Material supplied =

lemma exists_permutes_image_eq:
  assumes "finite S" "A \<subseteq> S" "B \<subseteq> S" "card A = card B"
  obtains \<pi> where "\<pi> permutes S" "\<pi> ` A = B"
proof -
  have fin: "finite A" "finite B"
    using assms finite_subset by auto
  obtain g where g: "bij_betw g A B"
    using finite_same_card_bij[OF fin assms(4)] by blast
  have "card (S - A) = card (S - B)"
    using assms fin by (simp add: card_Diff_subset)
  then obtain h where h: "bij_betw h (S - A) (S - B)"
    using finite_same_card_bij assms(1) by (metis finite_Diff)
  define u where "u x = (if x \<in> A then g x else h x)" for x
  have "bij_betw u A B"
    using g by (rule bij_betw_cong[THEN iffD1, rotated]) (simp add: u_def)
  moreover have "bij_betw u (S - A) (S - B)"
    using h by (rule bij_betw_cong[THEN iffD1, rotated]) (simp add: u_def)
  ultimately have "bij_betw u (A \<union> (S - A)) (B \<union> (S - B))"
    by (rule bij_betw_combine) blast
  then have "bij_betw u S S"
    using assms(2,3) by (simp add: Un_absorb1 Un_Diff_cancel)
  then have "restrict_id u S permutes S"
    by (rule permutes_restrict_id)
  moreover have "restrict_id u S ` A = B"
    using assms(2) g by (auto simp: restrict_id_def u_def bij_betw_def)
  ultimately show ?thesis
    using that by blast
qed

Exercise aim = Produce only the lines from the line containing "using assms finite_subset by auto" through the line containing "using assms(2) g", inclusive of both, exactly as they stand in the entries above.

Answer =
    using assms finite_subset by auto
  obtain g where g: "bij_betw g A B"
    using finite_same_card_bij[OF fin assms(4)] by blast
  have "card (S - A) = card (S - B)"
    using assms fin by (simp add: card_Diff_subset)
  then obtain h where h: "bij_betw h (S - A) (S - B)"
    using finite_same_card_bij assms(1) by (metis finite_Diff)
  define u where "u x = (if x \<in> A then g x else h x)" for x
  have "bij_betw u A B"
    using g by (rule bij_betw_cong[THEN iffD1, rotated]) (simp add: u_def)
  moreover have "bij_betw u (S - A) (S - B)"
    using h by (rule bij_betw_cong[THEN iffD1, rotated]) (simp add: u_def)
  ultimately have "bij_betw u (A \<union> (S - A)) (B \<union> (S - B))"
    by (rule bij_betw_combine) blast
  then have "bij_betw u S S"
    using assms(2,3) by (simp add: Un_absorb1 Un_Diff_cancel)
  then have "restrict_id u S permutes S"
    by (rule permutes_restrict_id)
  moreover have "restrict_id u S ` A = B"
    using assms(2) g by (auto simp: restrict_id_def u_def bij_betw_def)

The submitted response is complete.